Crataegus texana

Scientific classification
- Kingdom: Plantae
- Clade: Embryophytes
- Clade: Tracheophytes
- Clade: Spermatophytes
- Clade: Angiosperms
- Clade: Eudicots
- Clade: Rosids
- Order: Rosales
- Family: Rosaceae
- Genus: Crataegus
- Section: Crataegus sect. Coccineae
- Series: Crataegus ser. Molles
- Species: C. texana
- Binomial name: Crataegus texana Buckley
- Synonyms: C. mollis var. texana (Buckley) Lance;

= Crataegus texana =

- Genus: Crataegus
- Species: texana
- Authority: Buckley
- Synonyms: C. mollis var. texana (Buckley) Lance

Species of hawthorn

Crataegus texana, the Texas hawthorn, is a member of the family Rosaceae. Typically, it is found in the form of a small tree or a large shrub and blooms in early spring, usually in the months of March and April. Flowers of the Texas Hawthorn are white and usually produce small, one-inch, scarlet fruits that are said to resemble tiny red apples. Its twigs are usually armed with thorns that can grow to be about one to three inches long.

==Description==
===Vegetative characteristics===
Crataegus texana is a perennial tree that grows to be about 25 feet tall and has long, sharp thorns. It has shiny, dark green leaves that can grow to be between 0.75 and 1.5 inches long. Its simple leaves have toothed leaf margins with a parallel veination. Their leaves are ovate in shape, acute at the apex, and cuneate at the base.
===Generative characteristics===
Flowers of Crataegus texana grow in flat-topped clusters of five white petals to be about 0.50-0.75 inches wide. It blooms in early spring and develops a round, fleshy, red fruit that is actually a pome, a fleshy fruit that has an outer thickened layer with a central core that contains seeds located inside a capsule.

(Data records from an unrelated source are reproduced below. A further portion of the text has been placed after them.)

lemma red_f_schedule_from_packing:
  assumes L: "\<forall>i\<in>{1..n}. 0 < l i \<and> l i \<le> 1"
  shows "\<exists>asg act loc en. evsp_feasible (red_f n l) {..<2 * n - bpp_opt n l} asg act loc en"
proof -
  let ?S = "{..<2 * n - bpp_opt n l}"
  obtain g where g: "\<forall>c<2 * n - bpp_opt n l. g c < n"
    "\<And>v. (\<Sum>c | c < 2 * n - bpp_opt n l \<and> g c = v. d_eps (red_demand n l c)) \<le> 1"
    "\<And>c c'. g c = g c' \<Longrightarrow> d_dep (red_demand n l c) = d_dep (red_demand n l c') \<Longrightarrow> c = c'"
    using optimal_packing_assignment[OF L] by blast
  have S: "?S \<subseteq> {..<2 * n}" by auto
  interpret round_trip_plan "red_f n l" ?S "\<lambda>d. g (fst d)"
  proof
    show "d \<in> departing (red_f n l) ?S (\<lambda>d. g (fst d)) v t \<Longrightarrow>
        d' \<in> departing (red_f n l) ?S (\<lambda>d. g (fst d)) v t \<Longrightarrow> d = d'" for d d' v t
      using g(3) by (auto simp: departing_def served_demands_red_f[OF S] dem_red_f)
    show "vehicle_load (red_f n l) ?S (\<lambda>d. g (fst d)) v \<le> v_en0 (red_f n l) v" for v
      using g(2) by (simp add: vehicle_load_red_f[OF S])
    show "card {v. v < n_veh (red_f n l) \<and> v_home (red_f n l) v = s} \<le> st_cap (red_f n l) s" for s
      by (cases "s = 0") auto
  qed (use g(1) less_imp_le[OF red_demand_eps_pos[OF L]] in \<open>auto simp: served_demands_red_f[OF S] dem_red_f\<close>)
  show ?thesis using plan_feasible by blast
qed

theorem proposition6:
  fixes n :: nat and l :: "nat \<Rightarrow> real"
  assumes "\<forall>i\<in>{1..n}. 0 < l i \<and> l i \<le> 1"
  shows "int (evsp_opt (red_f n l)) = 2 * int n - int (bpp_opt n l)"
proof -
  let ?values = "{rental_time (red_f n l) S | S. \<exists>asg act loc en. evsp_feasible (red_f n l) S asg act loc en}"
  have "rental_time (red_f n l) {..<2 * n - bpp_opt n l} = 2 * n - bpp_opt n l"
    by (simp add: rental_time_red_f)
  then have attained: "2 * n - bpp_opt n l \<in> ?values"
    using red_f_schedule_from_packing[OF assms] by (metis (mono_tags, lifting) mem_Collect_eq)
  have bound: "x \<le> 2 * n - bpp_opt n l" if x_mem: "x \<in> ?values" for x
  proof -
    obtain S asg act loc en where x: "x = rental_time (red_f n l) S"
      and feasible: "evsp_feasible (red_f n l) S asg act loc en"
      using x_mem by blast
    show ?thesis
      using red_f_feasible_card_bound[OF assms feasible] by (simp add: x rental_time_red_f)
  qed
  then have "?values \<subseteq> {..2 * n - bpp_opt n l}" by blast
  then have "finite ?values" by (rule finite_subset) simp
  then have "evsp_opt (red_f n l) = 2 * n - bpp_opt n l"
    unfolding evsp_opt_def using bound attained by (rule Max_eqI)
  moreover have "bpp_opt n l \<le> n"
    using assms by (intro bpp_opt_le_items) auto
  ultimately show ?thesis by (simp add: of_nat_diff)
qed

==Distribution and habitat==
Crataegus texana is a native species to the United States. It has a limited range, growing in only nine or ten counties of the coastal plain and south-central Texas regions. It can be found in the rich bottomlands and river bottoms in the Gulf Prairies and marshes and in rich sandy clay loams of the Post Oak Savannah and Rio Grande Plains.
Crataegus texana usually grows in bottomland soil near an intermittent water source. It can, however, be found to grow in fencerows as well as in areas with heavy deciduous shrub and vine growth. It has a moderate heat tolerance and needs only a modest amount of water. It can grow in areas with partial sunlight and has adaptable soil requirements. Crataegus texana is a deciduous tree meaning that it sheds its leaves every year.

==Uses==
The edible fruits are sometimes cooked into jams and jellies. Also, upon distillation, the Texas hawthorn can be used to make liquors. Mostly, however, birds depend on its fruit for survival through the winter months, and some mammals, such as squirrels, opossums, and raccoons, also savor them. Crataegus texana is also of special value to native bees. It is recognized by pollination ecologists as attracting large numbers of native bees.